The Necropolis Tapes.
By
Robin B. Devlin
What follows is the transcript of an audio cassette found in the catacombs beneath Paris. The tape’s authorship is from the popular YouTube channel ‘Urban Adventures’. Visitors are reminded that the catacombs are restricted to sanctioned tours only. Trespassers will be prosecuted. Unauthorised expeditions threaten the lives of the rescuers as well as those of the perpetrators.
<Static, white noise, footsteps>
<faint> Ne fais pas ça, suivez-moi s’il vous plaît, par ici par ici.
<Sam> What did she say?
<Dante> Basically, follow her and don’t wander off.
<Sam> <snickers> Yeah, right. We’ll get right on that. What’s French for ‘fuck the system?’
<Dante> What am I? Google? I dunno, J’emmerde tes règles is pretty close.
<Mort> Hang back, guys. We can break from the tour group here.
<Sam> Wait, <rustling> Ok-a-y, we are good, the group has turned right up ahead, so if we go left…
<Dante> Crap, did you feel that?
<Whisper> …ne le fais pas…
<Mort> <rustling> You say something Dee?
<Dante> Nah, probably just a draft. Paris is mostly built on Paris, like London, only London is older. Paris itself has been on this site since around 50BC. The Romans…
<Sam> The Bloody Romans. *snickers*
<Dante> Yeah, the ‘Bloody Romans’ overran the fishermen, like the big, brave military force they were, steamrolled the town… I mean, it was a slaughter, and they named the town Lutetia.
<Unknown><whispers – barely audible> Lutetia? Lutetia… Potesne subvenire, nescio ubi sim…
<Mort> You say something?
<Dante> Just about the history, it turns out that almost every bit of Paris probably has some human remains if you just dig down…
<Static, white noise>
<Mort> Yeah, I read your script. I’m not gonna do all the preamble about the Parisii. Okay, I think we’re clear. How are the batteries for the lights?
<Sam> They’re fine, bro, got the camera ready, Dee?
<Dante> Yeah, I got the digital running, and we have analogue audio right here <muffled> I’m keeping the tape running to get some odds and sods for the podcast version.
<Mort> Analogue, what is this 1990?
<Dante> Yeah, yeah, analogue is more reliable. Don’t come running to me when society breaks down, and you want my bootleg of The White Album. Rolling.

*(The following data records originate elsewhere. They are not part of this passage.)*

lemma weight_via_unrelated:
  assumes S: "a \<in> S" "S \<subseteq> sim `` {a}" and t: "t \<in> X" "\<not> E a t"
  shows "weight a S = odds p a t (insert t S) * weight t {t}"
proof -
  have aX: "a \<in> X" and SX: "S \<subseteq> X" using S by auto
  obtain r where r: "r \<in> X" "\<not> E a r" and via_r: "weight a S = odds p a r (insert r S) * weight r {r}"
    using weight_reference[OF S(1) SX] by blast
  show ?thesis
  proof (cases "E t r")
    case False
    then show ?thesis using weight_transfer[OF S r(1) t(1) r(2) t(2) False via_r] by simp
  next
    case True
    obtain s where s: "s \<in> X" "\<not> E a s" "\<not> E t s"
      using exists_unrelated_reference[OF aX t(1)] e_in_X by blast
    have "\<not> E s r"
      using equiv_p_left_cong[of t r s] equiv_p_sym[of X p s r] True s t r by auto
    have "weight a S = odds p a s (insert s S) * weight s {s}"
      by (rule weight_transfer[OF S r(1) s(1) r(2) s(2) \<open>\<not> E s r\<close> via_r])
    then show ?thesis by (rule weight_transfer[OF S s(1) t(1) s(2) t(2) s(3)])
  qed
qed

lemma odds_distinct_classes:
  assumes A: "A \<subseteq> X" "a \<in> A" "c \<in> A" and ac: "\<not> E a c"
  shows "odds p a c A = weight a (A \<inter> sim `` {a}) / weight c (A \<inter> sim `` {c})"
proof -
  define S where "S = A \<inter> sim `` {a}"
  define T where "T = A \<inter> sim `` {c}"
  have aX: "a \<in> X" and cX: "c \<in> X" using A by auto
  have ca: "\<not> E c a" using ac equiv_p_sym[of X p c a] by blast
  obtain t where tX: "t \<in> X" and at: "\<not> E a t" and ct: "\<not> E c t"
    using exists_unrelated_reference[OF aX cX] e_in_X by blast
  have ta: "\<not> E t a" and tc: "\<not> E t c"
    using at ct equiv_p_sym[of X p t a] equiv_p_sym[of X p t c] by blast+
  have S: "a \<in> S" "S \<subseteq> sim `` {a}" and T: "c \<in> T" "T \<subseteq> sim `` {c}"
    using A equiv_p_refl[OF pscf] by (auto simp: S_def T_def)
  define M where "M = insert t (S \<union> T)"
  have MX: "M \<subseteq> X" using S T tX by (auto simp: M_def)
  have "odds p a c A = odds p a c (S \<union> T)"
    by (rule odds_superset_unrelated) (use A S T aX cX in \<open>auto simp: S_def T_def\<close>)
  also have "\<dots> = odds p a c M"
    by (rule odds_superset_unrelated[symmetric]) (use MX S T at ct in \<open>auto simp: M_def\<close>)
  also have "\<dots> = odds p a t M / odds p c t M"
    by (rule odds_div[OF pscf MX]) (simp add: M_def)
  also have "odds p a t M = odds p a t (insert t S)"
    by (rule odds_superset_unrelated)
      (use MX S T not_equiv_p_sim_class[OF _ ac] not_equiv_p_sim_class[OF _ tc] in \<open>auto simp: M_def\<close>)
  also have "odds p c t M = odds p c t (insert t T)"
    by (rule odds_superset_unrelated)
      (use MX S T not_equiv_p_sim_class[OF _ ca] not_equiv_p_sim_class[OF _ ta] in \<open>auto simp: M_def\<close>)
  also have "odds p a t (insert t S) / odds p c t (insert t T) = weight a S / weight c T"
    using weight_via_unrelated[OF S tX at] weight_via_unrelated[OF T tX ct]
      weight_pos[of t "{t}"] tX by simp
  finally show ?thesis by (simp add: S_def T_def)
qed

lemma weight_ratio_same_class:
  assumes S: "a \<in> S" "c \<in> S" "S \<subseteq> sim `` {a}"
  shows "weight a S / weight c S = odds p a c {a, c}"
proof -
  have aX: "a \<in> X" and ac: "E a c" and SX: "S \<subseteq> X" using S by auto
  then have cX: "c \<in> X" using S by auto
  obtain t where tX: "t \<in> X" and at: "\<not> E a t"
    using exists_unrelated_reference[OF aX aX] e_in_X by blast
  have ct: "\<not> E c t" using equiv_p_left_cong[OF ac aX cX] at by simp
  have S_c: "S \<subseteq> sim `` {c}" using S(3) sim_class_eq[OF ac aX cX] by simp
  have MX: "insert t S \<subseteq> X" using SX tX by simp
  have "weight a S / weight c S = odds p a t (insert t S) / odds p c t (insert t S)"
    using weight_via_unrelated[OF S(1,3) tX at] weight_via_unrelated[OF S(2) S_c tX ct]
      weight_pos[of t "{t}"] tX by simp
  also have "\<dots> = odds p a c (insert t S)" using odds_div[OF pscf MX, of t a c] by simp
  also have "\<dots> = odds p a c {a, c}" by (rule equiv_p_odds[OF ac MX]) (use S in auto)
  finally show ?thesis .
qed

lemma choice_prob_eq_weight:
  assumes A: "A \<subseteq> X" "a \<in> A"
  shows "p a A = weight a (A \<inter> sim `` {a}) / (\<Sum>c\<in>A. weight c (A \<inter> sim `` {c}))"
proof -
  let ?w = "\<lambda>c. weight c (A \<inter> sim `` {c})"
  have w_pos: "?w c > 0" if "c \<in> A" for c
    using weight_pos[of c "A \<inter> sim `` {c}"] that A equiv_p_refl[OF pscf] by auto
  have cross: "p a A * ?w c = p c A * ?w a" if c: "c \<in> A" for c
  proof -
    have "odds p a c A = ?w a / ?w c"
    proof (cases "E a c")
      case True
      have aX: "a \<in> X" and cX: "c \<in> X" using A c by auto
      have "odds p a c A = odds p a c {a, c}" using equiv_p_odds[OF True A(1,2) c] .
      also have "\<dots> = ?w a / ?w c"
        using weight_ratio_same_class[of a "A \<inter> sim `` {a}" c] sim_class_eq[OF True aX cX]
          True A c aX cX equiv_p_refl[OF pscf] by simp
      finally show ?thesis .
    qed (use odds_distinct_classes[OF A c] in simp)
    then show ?thesis
      using w_pos[OF c] positive_scf_pos[OF pscf A(1) c] by (simp add: odds_def field_simps)
  qed
  have "p a A * (\<Sum>c\<in>A. ?w c) = (\<Sum>c\<in>A. p c A) * ?w a"
    by (simp add: sum_distrib_left sum_distrib_right cross)
  also have "\<dots> = ?w a" using positive_scf_sum[OF pscf A(1)] A by auto
  finally have "p a A * (\<Sum>c\<in>A. ?w c) = ?w a" .
  moreover have "(\<Sum>c\<in>A. ?w c) > 0"
    using sum_pos[of A ?w] w_pos A finite_subset[OF A(1) finite_X] by blast
  ultimately show ?thesis by (simp add: field_simps)
qed

definition nsc_u :: "'a \<Rightarrow> real" where
  "nsc_u a = weight a (sim `` {a})"

definition nsc_v :: "'a set \<Rightarrow> real" where
  "nsc_v S = (\<Sum>c\<in>S. weight c S)"

lemma nsc_u_pos: "a \<in> X \<Longrightarrow> nsc_u a > 0"
  unfolding nsc_u_def by (rule weight_pos) (auto simp: equiv_p_refl[OF pscf])

lemma sum_nsc_u_pos: "S \<subseteq> X \<Longrightarrow> S \<noteq> {} \<Longrightarrow> (\<Sum>c\<in>S. nsc_u c) > 0"
  using sum_pos[of S nsc_u] nsc_u_pos finite_subset[OF _ finite_X] by blast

<Mort> YO! YouTube! This is Urban Adventures, and today we have a request that a ton of you have made. We’ve come all the way to gay Paris, and we are standing in the catacombs. Some say the Necropolis, a vast mass grave, has more than six million human remains interred here. That’s enough to fill Wembley Stadium sixty-six times over and still leave half a million standing. With me, as always, is my best bro and general wise guy, Sam.
<Sam> Wocka Wocka.
<Mort> Behind the camera, we have Dante, our very own resident tech nerd and history buff, and I, of course, am your boy Mort ‘The Urban Philosopher’ Silverman, so tonight we’re going off the beaten track and into the realm of the dead. Join us. Okay, cut. Do you wanna get some B-roll of this messed-up graffiti?
<Sam> Is that French?
<Mort> No shit, genius.
<Dante> It is not French, that bit there ‘Deus est mortuus’ that’s Latin, it means ‘god is dead’, I think <laughs> it has been a long time since Sunday school.

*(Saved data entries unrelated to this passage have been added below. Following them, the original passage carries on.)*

(* Let $X$ be an $\mathcal M$-set, let $A,B\subset\omega$ be co-infinite, and let $x\in X$ be supported on both $A$ and $B$. Then $x$ is supported on $A\cap B$.
   Context: $\omega=\{1,2,3,\dots\}$, $\mathcal M$ is the monoid of injective maps $\omega\to\omega$, and an $\mathcal M$-set is a set with a left $\mathcal M$-action. For $A\subset\omega$, $\mathcal M_A$ is the submonoid of injections fixing $A$ elementwise; $x\in X$ is supported on $A$ if $f.x=x$ for all $f\in\mathcal M_A$. A set $A\subset\omega$ is co-infinite if $\omega\setminus A$ is infinite. *)

theory Defs
  imports Main
begin

definition omega :: "nat set" where
  "omega = {n. 1 \<le> n}"

text \<open>A map omega to omega is represented
  by a function nat to nat with the canonical convention f 0 = 0 (0 is not in omega),
  so that elements of M correspond bijectively to their representatives.\<close>
definition injM :: "(nat \<Rightarrow> nat) set" where
  "injM = {f. f ` omega \<subseteq> omega \<and> inj_on f omega \<and> f 0 = 0}"

definition M_set :: "'a set \<Rightarrow> ((nat \<Rightarrow> nat) \<Rightarrow> 'a \<Rightarrow> 'a) \<Rightarrow> bool" where
  "M_set X act \<longleftrightarrow>
     (\<forall>f\<in>injM. \<forall>x\<in>X. act f x \<in> X) \<and>
     (\<forall>x\<in>X. act id x = x) \<and>
     (\<forall>f\<in>injM. \<forall>g\<in>injM. \<forall>x\<in>X. act (f \<circ> g) x = act f (act g x))"

definition M_fix :: "nat set \<Rightarrow> (nat \<Rightarrow> nat) set" where
  "M_fix A = {f \<in> injM. \<forall>a\<in>A. f a = a}"

definition supported_on :: "((nat \<Rightarrow> nat) \<Rightarrow> 'a \<Rightarrow> 'a) \<Rightarrow> 'a \<Rightarrow> nat set \<Rightarrow> bool" where
  "supported_on act x A \<longleftrightarrow> (\<forall>f\<in>M_fix A. act f x = x)"

definition co_infinite :: "nat set \<Rightarrow> bool" where
  "co_infinite A \<longleftrightarrow> infinite (omega - A)"

end

theory Submission
  imports Defs "HOL-Library.Infinite_Set"
begin

text \<open>If \<open>x\<close> is supported on a co-infinite set \<open>A\<close>, then \<open>f.x\<close> depends only on the
  restriction of \<open>f\<close> to \<open>A\<close>: two injections agreeing on \<open>A\<close> both factor, through
  elements of \<open>\<M>\<^sub>A\<close>, via a single injection \<open>t\<close> that agrees with them on \<open>A\<close> and whose
  image contains both of theirs; \<open>t\<close> exists because the complement of \<open>A\<close> is infinite.
  For \<open>f \<in> \<M>\<^sub>A\<^sub>\<inter>\<^sub>B\<close> it therefore suffices to connect \<open>f\<close> to the identity by a chain
  \<open>f, g, k, h, id\<close> in which consecutive maps agree alternately on \<open>A\<close> and on \<open>B\<close>. Take
  \<open>g\<close> extending \<open>f\<close> on \<open>A\<close> and \<open>h\<close> extending the identity on \<open>B\<close>, with their images
  off \<open>A\<close> resp. off \<open>B\<close> an infinite set \<open>W\<close> and its infinite complement in the complement
  of \<open>B\<close>; then \<open>g\<close> on \<open>B\<close> and \<open>h\<close> off \<open>B\<close> have disjoint images and glue to \<open>k\<close>.\<close>

lemma infinite_nat_set_split:
  fixes S :: "nat set"
  assumes "infinite S"
  obtains S1 where "S1 \<subseteq> S" "infinite S1" "infinite (S - S1)"
proof
  let ?e = "enumerate S"
  have inj_e: "inj ?e"
    using strict_mono_enumerate[OF assms] strict_mono_imp_inj_on by blast
  have inj_even: "inj (\<lambda>n. ?e (2 * n))" and inj_odd: "inj (\<lambda>n. ?e (2 * n + 1))"
    by (auto intro!: injI dest!: injD[OF inj_e])
  show "range (\<lambda>n. ?e (2 * n)) \<subseteq> S"
    using enumerate_in_set[OF assms] by auto
  show "infinite (range (\<lambda>n. ?e (2 * n)))"
    using range_inj_infinite[OF inj_even] .
  have "?e (2 * m + 1) \<noteq> ?e (2 * n)" for m n
  proof
    assume "?e (2 * m + 1) = ?e (2 * n)"
    then have "2 * m + 1 = 2 * n"
      by (rule injD[OF inj_e])
    then show False
      by presburger
  qed
  then have "range (\<lambda>n. ?e (2 * n + 1)) \<subseteq> S - range (\<lambda>n. ?e (2 * n))"
    using enumerate_in_set[OF assms] by auto
  then show "infinite (S - range (\<lambda>n. ?e (2 * n)))"
    using range_inj_infinite[OF inj_odd] finite_subset by blast
qed

lemma infinite_subset_with_infinite_remainder:
  fixes W D :: "nat set"
  assumes "infinite W" "infinite D"
  obtains W1 where "W1 \<subseteq> W" "infinite W1" "infinite (D - W1)"
proof (cases "finite (W - D)")
  case True
  have "W = (W - D) \<union> (W \<inter> D)"
    by blast
  then have "infinite (W \<inter> D)"
    using True assms(1) by (metis finite_Un)
  then obtain S1 where S1: "S1 \<subseteq> W \<inter> D" "infinite S1" "infinite (W \<inter> D - S1)"
    by (rule infinite_nat_set_split)
  moreover have "W \<inter> D - S1 \<subseteq> D - S1"
    by blast
  ultimately have "infinite (D - S1)"
    using finite_subset by blast
  with S1 show ?thesis using that by blast
next
  case False
  then show ?thesis
    using that[of "W - D"] assms(2) by (simp add: Diff_triv)
qed

lemma zero_notin_omega: "0 \<notin> omega"
  by (simp add: omega_def)

lemma id_in_injM: "id \<in> injM"
  by (simp add: injM_def)

lemma injM_D:
  assumes "f \<in> injM"
  shows "f ` omega \<subseteq> omega" "inj_on f omega" "f 0 = 0"
  using assms by (auto simp: injM_def)

lemma injM_image_co_infinite:
  assumes "f \<in> injM" "co_infinite A"
  shows "infinite (f ` (omega - A))"
proof -
  have "inj_on f (omega - A)"
    using injM_D(2)[OF assms(1)] by (rule inj_on_subset) blast
  then show ?thesis
    using assms(2) by (simp add: finite_image_iff co_infinite_def)
qed

lemma injM_image_Diff:
  assumes "f \<in> injM" "A \<subseteq> omega"
  shows "f ` (omega - A) = f ` omega - f ` A"
  using inj_on_image_set_diff[OF injM_D(2)[OF assms(1)]] assms(2) by blast

lemma if_in_injM:
  assumes "S \<subseteq> omega" "g ` S \<subseteq> omega" "inj_on g S" "h \<in> injM"
    and disjoint: "g ` S \<inter> h ` (omega - S) = {}"
  shows "(\<lambda>n. if n \<in> S then g n else h n) \<in> injM"
proof -
  let ?k = "\<lambda>n. if n \<in> S then g n else h n"
  have "inj_on ?k S" "inj_on ?k (omega - S)"
    using assms(3) injM_D(2)[OF assms(4)] by (auto simp: inj_on_def)
  moreover have "?k ` S \<inter> ?k ` (omega - S) = {}"
    using disjoint by auto
  moreover have "S - (omega - S) = S" "omega - S - S = omega - S"
    using assms(1) by blast+
  ultimately have "inj_on ?k (S \<union> (omega - S))"
    by (simp only: inj_on_Un)
  moreover have "S \<union> (omega - S) = omega"
    using assms(1) by blast
  ultimately show ?thesis
    using assms(2) injM_D[OF assms(4)] zero_notin_omega assms(1) by (auto simp: injM_def)
qed

lemma injM_extension:
  assumes "A \<subseteq> omega" "co_infinite A" "f \<in> injM"
    and "T \<subseteq> omega" "infinite T" "T \<inter> f ` A = {}"
  obtains t where "t \<in> injM" "\<forall>a\<in>A. t a = f a" "t ` (omega - A) = T"
proof -
  obtain e where e: "bij_betw e (omega - A) T"
    using bij_betw_trans[OF bij_betw_inv_into[OF bij_enumerate] bij_enumerate] assms(2,5)
    unfolding co_infinite_def by blast
  let ?t = "\<lambda>n. if n \<in> omega - A then e n else f n"
  have "omega - (omega - A) = A"
    using assms(1) by blast
  then have "?t \<in> injM"
    using if_in_injM[of "omega - A" e f] e assms(3,4,6) by (auto simp: bij_betw_def)
  moreover have "\<forall>a\<in>A. ?t a = f a" "?t ` (omega - A) = T"
    using e by (auto simp: bij_betw_def)
  ultimately show ?thesis
    by (rule that)
qed

lemma injM_factor_through:
  assumes "g \<in> injM" "t \<in> injM" "g ` omega \<subseteq> t ` omega"
    and "A \<subseteq> omega" "\<forall>a\<in>A. g a = t a"
  obtains v where "v \<in> M_fix A" "g = t \<circ> v"
proof
  define v where "v n = (if n \<in> omega then inv_into omega t (g n) else 0)" for n
  have t_v: "t (v n) = g n" for n
  proof (cases "n \<in> omega")
    case True
    then show ?thesis
      using assms(3) by (auto simp: v_def f_inv_into_f)
  next
    case False
    then have "n = 0"
      by (simp add: omega_def)
    with False show ?thesis
      using injM_D(3)[OF assms(1)] injM_D(3)[OF assms(2)] by (simp add: v_def)
  qed
  have v_omega: "v ` omega \<subseteq> omega"
    using assms(3) by (auto simp: v_def inv_into_into)
  have "inj_on v omega"
    by (rule inj_onI) (metis t_v injM_D(2)[OF assms(1)] inj_onD)
  then have "v \<in> injM"
    using v_omega zero_notin_omega by (simp add: injM_def v_def)
  moreover have "v a = a" if "a \<in> A" for a
    using t_v[of a] assms(4,5) that v_omega injM_D(2)[OF assms(2)] by (auto dest: inj_onD)
  ultimately show "v \<in> M_fix A"
    by (simp add: M_fix_def)
  show "g = t \<circ> v"
    using t_v by auto
qed

lemma supported_action_eq_of_range_subset:
  assumes "M_set X act" "x \<in> X" "supported_on act x A" "A \<subseteq> omega"
    and "g \<in> injM" "t \<in> injM" "g ` omega \<subseteq> t ` omega" "\<forall>a\<in>A. g a = t a"
  shows "act g x = act t x"
proof -
  obtain v where v: "v \<in> M_fix A" "g = t \<circ> v"
    using injM_factor_through assms(4-8) by blast
  then have "act g x = act t (act v x)"
    using assms(1,2,6) by (simp add: M_set_def M_fix_def)
  also have "act v x = x"
    using assms(3) v(1) by (simp add: supported_on_def)
  finally show ?thesis .
qed

lemma supported_action_eq:
  assumes "M_set X act" "x \<in> X" "supported_on act x A" "A \<subseteq> omega" "co_infinite A"
    and "g \<in> injM" "h \<in> injM" "\<forall>a\<in>A. g a = h a"
  shows "act g x = act h x"
proof -
  let ?T = "g ` (omega - A) \<union> h ` (omega - A)"
  have g_h_A: "h ` A = g ` A"
    using assms(8) by force
  have "?T \<subseteq> omega"
    using injM_D(1) assms(6,7) by blast
  moreover have "infinite ?T"
    using injM_image_co_infinite[OF assms(6,5)] by simp
  moreover have "?T \<inter> g ` A = {}"
    unfolding injM_image_Diff[OF assms(6,4)] injM_image_Diff[OF assms(7,4)] g_h_A by blast
  ultimately obtain t where t: "t \<in> injM" "\<forall>a\<in>A. t a = g a" "t ` (omega - A) = ?T"
    by (rule injM_extension[OF assms(4-6)])
  have image_split: "f ` omega = f ` A \<union> f ` (omega - A)" for f :: "nat \<Rightarrow> nat"
    using assms(4) by blast
  have "t ` A = g ` A"
    using t(2) by force
  then have t_omega: "t ` omega = g ` A \<union> ?T"
    using t(3) image_split[of t] by simp
  have "g ` omega \<subseteq> t ` omega" "h ` omega \<subseteq> t ` omega"
    unfolding t_omega image_split[of g] image_split[of h] g_h_A by blast+
  moreover have "\<forall>a\<in>A. g a = t a" "\<forall>a\<in>A. h a = t a"
    using t(2) assms(8) by simp_all
  ultimately have "act g x = act t x" "act h x = act t x"
    using supported_action_eq_of_range_subset[OF assms(1-4) _ t(1)] assms(6,7) by blast+
  then show ?thesis
    by simp
qed

lemma M_fix_Int_chain:
  assumes "A \<subseteq> omega" "B \<subseteq> omega" "co_infinite A" "co_infinite B" "f \<in> M_fix (A \<inter> B)"
  obtains g k h where "g \<in> injM" "k \<in> injM" "h \<in> M_fix B"
    "\<forall>a\<in>A. g a = f a" "\<forall>b\<in>B. k b = g b" "\<forall>a\<in>A. k a = h a"
proof -
  have f: "f \<in> injM" "\<forall>a\<in>A \<inter> B. f a = a"
    using assms(5) by (auto simp: M_fix_def)
  have "f ` (omega - A) \<subseteq> omega - f ` A"
    using injM_image_Diff[OF f(1) assms(1)] injM_D(1)[OF f(1)] by blast
  then have "infinite (omega - f ` A)"
    using injM_image_co_infinite[OF f(1) assms(3)] finite_subset by blast
  then obtain W where W: "W \<subseteq> omega - f ` A" "infinite W" "infinite (omega - B - W)"
    using infinite_subset_with_infinite_remainder assms(4) unfolding co_infinite_def by blast
  obtain g where g: "g \<in> injM" "\<forall>a\<in>A. g a = f a" "g ` (omega - A) = W"
    using injM_extension[OF assms(1,3) f(1)] W by blast
  obtain h where h: "h \<in> injM" "\<forall>b\<in>B. h b = b" "h ` (omega - B) = omega - B - W"
    using injM_extension[OF assms(2,4) id_in_injM, of "omega - B - W"] W(3) by auto
  have "g ` B \<subseteq> B \<union> W"
    using g(2,3) f(2) assms(2) by fastforce
  then have "g ` B \<inter> h ` (omega - B) = {}"
    using h(3) by blast
  moreover have "g ` B \<subseteq> omega" "inj_on g B"
    using injM_D[OF g(1)] assms(2) by (auto intro: inj_on_subset)
  ultimately have "(\<lambda>n. if n \<in> B then g n else h n) \<in> injM"
    using if_in_injM[OF assms(2) _ _ h(1)] by blast
  moreover have "h \<in> M_fix B"
    using h(1,2) by (simp add: M_fix_def)
  moreover have "\<forall>a\<in>A. (if a \<in> B then g a else h a) = h a"
    using g(2) f(2) h(2) by simp
  ultimately show ?thesis
    using that g(1,2) by simp
qed

theorem proposition1p4:
  fixes X :: "'a set" and act :: "(nat \<Rightarrow> nat) \<Rightarrow> 'a \<Rightarrow> 'a"
    and A B :: "nat set" and x :: 'a
  assumes "M_set X act"
    and "A \<subseteq> omega" and "B \<subseteq> omega"
    and "co_infinite A" and "co_infinite B"
    and "x \<in> X"
    and "supported_on act x A" and "supported_on act x B"
  shows "supported_on act x (A \<inter> B)"
  unfolding supported_on_def
proof
  fix f assume "f \<in> M_fix (A \<inter> B)"
  then obtain g k h where chain: "g \<in> injM" "k \<in> injM" "h \<in> M_fix B"
    "\<forall>a\<in>A. g a = f a" "\<forall>b\<in>B. k b = g b" "\<forall>a\<in>A. k a = h a"
    using M_fix_Int_chain assms(2-5) by blast
  note on_A = supported_action_eq[OF assms(1,6,7,2,4)]
    and on_B = supported_action_eq[OF assms(1,6,8,3,5)]
  have "f \<in> injM" "h \<in> injM"
    using \<open>f \<in> M_fix (A \<inter> B)\<close> chain(3) by (simp_all add: M_fix_def)
  then have "act f x = act g x"
    using on_A[OF chain(1) \<open>f \<in> injM\<close> chain(4)] by simp
  also have "\<dots> = act k x"
    using on_B[OF chain(2,1) chain(5)] by simp
  also have "\<dots> = act h x"
    using on_A[OF chain(2) \<open>h \<in> injM\<close> chain(6)] .
  also have "\<dots> = x"
    using assms(8) chain(3) by (simp add: supported_on_def)
  finally show "act f x = x" .
qed

end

<Mort> God is dead… and we have killed him, that’s Nietzsche. He didn’t write in Latin; MF was straight-up Victorian German.
<Sam> MF was a straight-up Nazi.
<Mort> The other way around, the brownshirts co-opted his work. He didn’t like us, but he didn’t like anyone. He died in the early 1900’s, went loopy and died of Neurosyphilis.
<Sam> And they say philosophy is dry… boy had game?
<Mort> Mad shagger, couldn’t stop him, man was off his tits most of the time and banging hookers.
<white noise>
<Sam> The hell was that? Did anyone else hear that?
<Mort> Nah, bro, maybe it’s a g-g-g-ghost! wooooooo! <laughs>
<Sam> Piss off, Mort. <laughs> Come on, let’s go. Dante, mark the wall with chalk so we can backtrack.
<tape clicks>
<white noise>
<Mort> Shit, it’s cold. Take a look at the skulls, man! Make sure to get some good shots, they’re stacked up like firewood!
<Dante> You’re in my frame. Move about a foot to your left. Yeah nice… what the…
<Mort> What is it? Raatma?
<Sam> Yo’ mumma
<Dante> I dunno… look, it’s nothing, okay?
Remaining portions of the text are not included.